Here is what the stacked install of Caveman plus context-mode plus a healthy CLAUDE.md looks like at session start, from one of my own sessions:
| Surface | ~Tokens |
|---|---|
| 13 SKILL.md files (auto-discovered) | ~7,100 |
| Routing-block / sessionstart injection | ~1,020 |
| MCP tool descriptions (11 tools) | ~3,000 |
| Pre-work overhead | ~11,000 |
Your numbers will differ. The shape won't. Eleven thousand tokens before you've asked the model to do anything. That is the entry fee.
The break-even no one wants to do
Caveman pitches 65% reduction on output tokens. Independent benchmarks land closer to 30-50%, with a one-line "be brief" prompt capturing most of the saving on its own. The previous post said all of that. That part still holds.
Now stack the costs.
- Output savings are realised per response, on the smallest token category in the session.
- The install tax is paid per session, before any response exists.
For short sessions, you never recoup the install. For long, chatty sessions, you might. For the typical day where you open Claude, ask three questions, close it, open it again two hours later for something unrelated, you eat the tax six times and save it back maybe twice. Net loss.

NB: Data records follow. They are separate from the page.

(* Let $X=[\mathbf x_1,\ldots,\mathbf x_p]\in\mathbb R^{n\times p}$ with $\|\mathbf x_i\|_2\neq0$ for all $i$, $\mathbf y\in\mathbb R^n$, $\lambda\ge0$, and $f(\boldsymbol\beta)=\frac12\|X\boldsymbol\beta-\mathbf y\|_2^2+\lambda\|\boldsymbol\beta\|_1$. Generate sequences as follows. Set $\mathbf s^0=\mathbf 0$ and $\boldsymbol\beta^0=\mathbf 0$. For $k=1,2,\ldots$: first compute $\boldsymbol\beta^k$ by one cyclic pass of coordinate descent started from $\mathbf s^{k-1}$, i.e. for $i=1,\ldots,p$, $$\beta_i^k=\arg\min_{\beta\in\mathbb R} f([\beta_1^k,\ldots,\beta_{i-1}^k,\beta,s_{i+1}^{k-1},\ldots,s_p^{k-1}]^T);$$ then set a history point $\mathbf h^k$, where either $\mathbf h^k=\mathbf s^{k-1}$ for all $k$ (scheme CD+SRRC) or $\mathbf h^k=\boldsymbol\beta^{k-1}$ for all $k$ (scheme CD+SRRT); let $\alpha^k$ be a minimizer over $\alpha\in\mathbb R$ of $f((1-\alpha)\mathbf h^k+\alpha\boldsymbol\beta^k)$, and set $\mathbf s^k=(1-\alpha^k)\mathbf h^k+\alpha^k\boldsymbol\beta^k$. Then for either scheme, for all $k\ge1$, $$f(\mathbf s^{k-1})\ge f(\boldsymbol\beta^k)\ge f(\mathbf s^k)\ge f(\boldsymbol\beta^{k+1}).$$ Moreover, if $f(\mathbf s^{k-1})=f(\boldsymbol\beta^k)$, then $\mathbf s^{k-1}=\boldsymbol\beta^k$ and $f(\boldsymbol\beta^k)=\min_{\boldsymbol\beta}f(\boldsymbol\beta)$. Consequently, $\lim_{k\to\infty}f(\boldsymbol\beta^k)=\min_{\boldsymbol\beta}f(\boldsymbol\beta)$.
   Context: The coordinate update has the closed form $\beta_i^k=S(\mathbf x_i^T\mathbf y-\sum_{j<i}\mathbf x_i^T\mathbf x_j\beta_j^k-\sum_{j>i}\mathbf x_i^T\mathbf x_j s_j^{k-1},\lambda)/\|\mathbf x_i\|_2^2$, where $S(x,\lambda)=x-\lambda$ if $x>\lambda$, $x+\lambda$ if $x<-\lambda$, and $0$ if $|x|\le\lambda$. *)

theory Defs
  imports "HOL-Analysis.Analysis"
begin

text \<open>Design matrix X has n rows and p columns: X :: real^'p^'n, so X *v beta :: real^'n.
  The coordinate index type 'p carries a linear order giving the cyclic order 1,...,p.\<close>

definition lasso_obj :: "real^'p^'n \<Rightarrow> real^'n \<Rightarrow> real \<Rightarrow> real^'p \<Rightarrow> real" where
  "lasso_obj X y lam b = (1/2) * (norm (X *v b - y))\<^sup>2 + lam * (\<Sum>i\<in>UNIV. \<bar>b $ i\<bar>)"

definition cd_point :: "real^('p::{finite,linorder}) \<Rightarrow> ('p::{finite,linorder}) \<Rightarrow> real \<Rightarrow> real^('p::{finite,linorder}) \<Rightarrow> real^('p::{finite,linorder})" where
  "cd_point b i t s = (\<chi> j. if j < i then b $ j else if j = i then t else s $ j)"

The 65% number hides this when it's framed as a saving. Of course the model emits fewer output tokens when you tell it to talk like a caveman. The model also has to read a 7K skill bundle to learn how to talk like a caveman in the first place. That bundle loads whether you use the skill or not.

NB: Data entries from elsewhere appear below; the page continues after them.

lemma lookup_dpartial: "Poly_Mapping.lookup (dpartial S f) U = Poly_Mapping.lookup (Delta f) (S, U)"
proof -
  have "{U. Poly_Mapping.lookup (Delta f) (S, U) \<noteq> 0} \<subseteq> snd ` Poly_Mapping.keys (Delta f)"
    by (force simp: in_keys_iff)
  then have "finite {U. Poly_Mapping.lookup (Delta f) (S, U) \<noteq> 0}"
    by (rule finite_subset) simp
  then show ?thesis unfolding dpartial_def by simp
qed

lemma lookup_Delta_swap: "Poly_Mapping.lookup (Delta f) (a, b) = Poly_Mapping.lookup (Delta f) (b, a)"
  unfolding lookup_Delta delta_mono_def
  by (intro sum.cong refl) (auto simp: lookup_single when_def lookup_delta_swap[of _ a b] split: option.split)

lemma lookup_Delta_counit:
  assumes "Poly_Mapping.keys f \<subseteq> Amonos bin"
  shows "Poly_Mapping.lookup (Delta f) (a, None) = Poly_Mapping.lookup f a"
proof -
  have counit: "Poly_Mapping.lookup (delta_mono m) (a, None) = (if m = a then 1 else 0)"
    if "m \<in> Amonos bin" for m
    using that by (cases m) (auto simp: delta_mono_def lookup_single lookup_delta_counit dest: Amonos_reduced)
  have "Poly_Mapping.lookup (Delta f) (a, None) =
      (\<Sum>m\<in>Poly_Mapping.keys f. if m = a then Poly_Mapping.lookup f m else 0)"
    unfolding lookup_Delta using assms by (intro sum.cong refl) (auto simp: counit)
  then show ?thesis by (simp add: in_keys_iff)
qed

lemma keys_Delta_homog:
  fixes f :: "'x mono \<Rightarrow>\<^sub>0 'k::comm_semiring_1"
  assumes "homog bin n f" and "(a, b) \<in> Poly_Mapping.keys (Delta f)"
  shows "a \<in> Amonos bin \<and> b \<in> Amonos bin \<and> mdeg a + mdeg b = n"
proof -
  obtain m where m: "m \<in> Poly_Mapping.keys f"
    and "Poly_Mapping.lookup f m * Poly_Mapping.lookup (delta_mono m) (a, b) \<noteq> 0"
    using assms(2) sum.not_neutral_contains_not_neutral unfolding in_keys_iff lookup_Delta by blast
  then have "(a, b) \<in> Poly_Mapping.keys (delta_mono m :: _ \<Rightarrow>\<^sub>0 'k)"
    by (auto simp: in_keys_iff)
  moreover have "m \<in> Amonos bin" "mdeg m = n" using m assms(1) by (auto simp: homog_def)
  ultimately show ?thesis
    using keys_delta[of _ bin a b] by (cases m) (auto simp: delta_mono_def mdeg_def split: if_splits)
qed

lemma mdeg_eq_0_iff: "m \<in> Amonos bin \<Longrightarrow> mdeg m = 0 \<longleftrightarrow> m = None"
  by (cases m) (auto simp: mdeg_def dest!: Amonos_reduced nleaves_pos)

lemma lookup_Delta_primitive:
  "primitive f \<Longrightarrow> a \<noteq> None \<Longrightarrow> b \<noteq> None \<Longrightarrow> Poly_Mapping.lookup (Delta f) (a, b) = 0"
  by (auto simp: primitive_def lookup_add lookup_tensor lookup_single when_def)
lemma double_commutator_conjU:
  assumes U: "unitary U" and H: "H = U ** diag_mat (\<lambda>i. complex_of_real (l i)) ** cadjoint U"
  shows "commutator H (commutator H (conjU H \<theta> X)) =
    - (U ** heisenberg_deriv (cadjoint U ** X ** U) l 2 \<theta> ** cadjoint U)"
proof -
  define Y where "Y = cadjoint U ** X ** U"
  have "(\<chi> j k. complex_of_real (l j - l k) *
      (\<chi> j k. complex_of_real (l j - l k) * heisenberg_deriv Y l 0 \<theta> $ j $ k) $ j $ k) =
      - heisenberg_deriv Y l 2 \<theta>"
    by (simp add: vec_eq_iff heisenberg_deriv_def power2_eq_square algebra_simps)
  then show ?thesis
    by (simp add: sandwich_uminus conjU_unitary_conj_diag[OF U H]
        commutator_unitary_conj_diag[OF U H] flip: Y_def)
qed

section \<open>Variance of a function with bounded fourth derivative\<close>

lemma taylor3_remainder_bound:
  fixes G :: "nat \<Rightarrow> real \<Rightarrow> real"
  assumes G: "\<And>m t. (G m has_real_derivative G (Suc m) t) (at t)" and K: "\<And>t. \<bar>G 4 t\<bar> \<le> K"
  shows "\<bar>G 0 \<theta> - (G 0 \<phi> + G 1 \<phi> * (\<theta> - \<phi>) + G 2 \<phi> / 2 * (\<theta> - \<phi>)\<^sup>2 + G 3 \<phi> / 6 * (\<theta> - \<phi>)^3)\<bar>
    \<le> K / 24 * (\<theta> - \<phi>)^4"
proof -
  define g where "g m x = G m (\<phi> + x)" for m x
  have "\<forall>m x. (g m has_real_derivative g (Suc m) x) (at x)"
    unfolding g_def using DERIV_chain2[OF G DERIV_add[OF DERIV_const DERIV_ident]] by simp
  then obtain t where
    "g 0 (\<theta> - \<phi>) = (\<Sum>m<4. g m 0 / fact m * (\<theta> - \<phi>)^m) + g 4 t / fact 4 * (\<theta> - \<phi>)^4"
    using Maclaurin_all_le[of g "g 0"] by blast
  then have "G 0 \<theta> - (G 0 \<phi> + G 1 \<phi> * (\<theta> - \<phi>) + G 2 \<phi> / 2 * (\<theta> - \<phi>)\<^sup>2 + G 3 \<phi> / 6 * (\<theta> - \<phi>)^3)
      = G 4 (\<phi> + t) / 24 * (\<theta> - \<phi>)^4"
    by (simp add: g_def eval_nat_numeral fact_numeral)
  also have "\<bar>\<dots>\<bar> \<le> K / 24 * (\<theta> - \<phi>)^4"
    using K[of "\<phi> + t"] by (simp add: abs_mult mult_right_mono divide_right_mono)
  finally show ?thesis .
qed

context-mode survives this critique
I want to be precise about which half of the recommendation is staying.
context-mode also has install cost. Its MCP tool descriptions sit in the same auto-loaded surface. But the comparison goes:
- context-mode's tax: a flat fee for tool descriptions, paid once per session.
- context-mode's payback: a single 56KB Playwright snapshot, or 11KB git log, or 986KB repo-research subagent dump, gets routed into the sandbox and never enters your context window. One avoided dump pays the install fee several times over.
If you do any meaningful tool work in a session, context-mode's tokenomics close cleanly. The saving lives on the largest token category. The install fee is rounding error against the leak it prevents.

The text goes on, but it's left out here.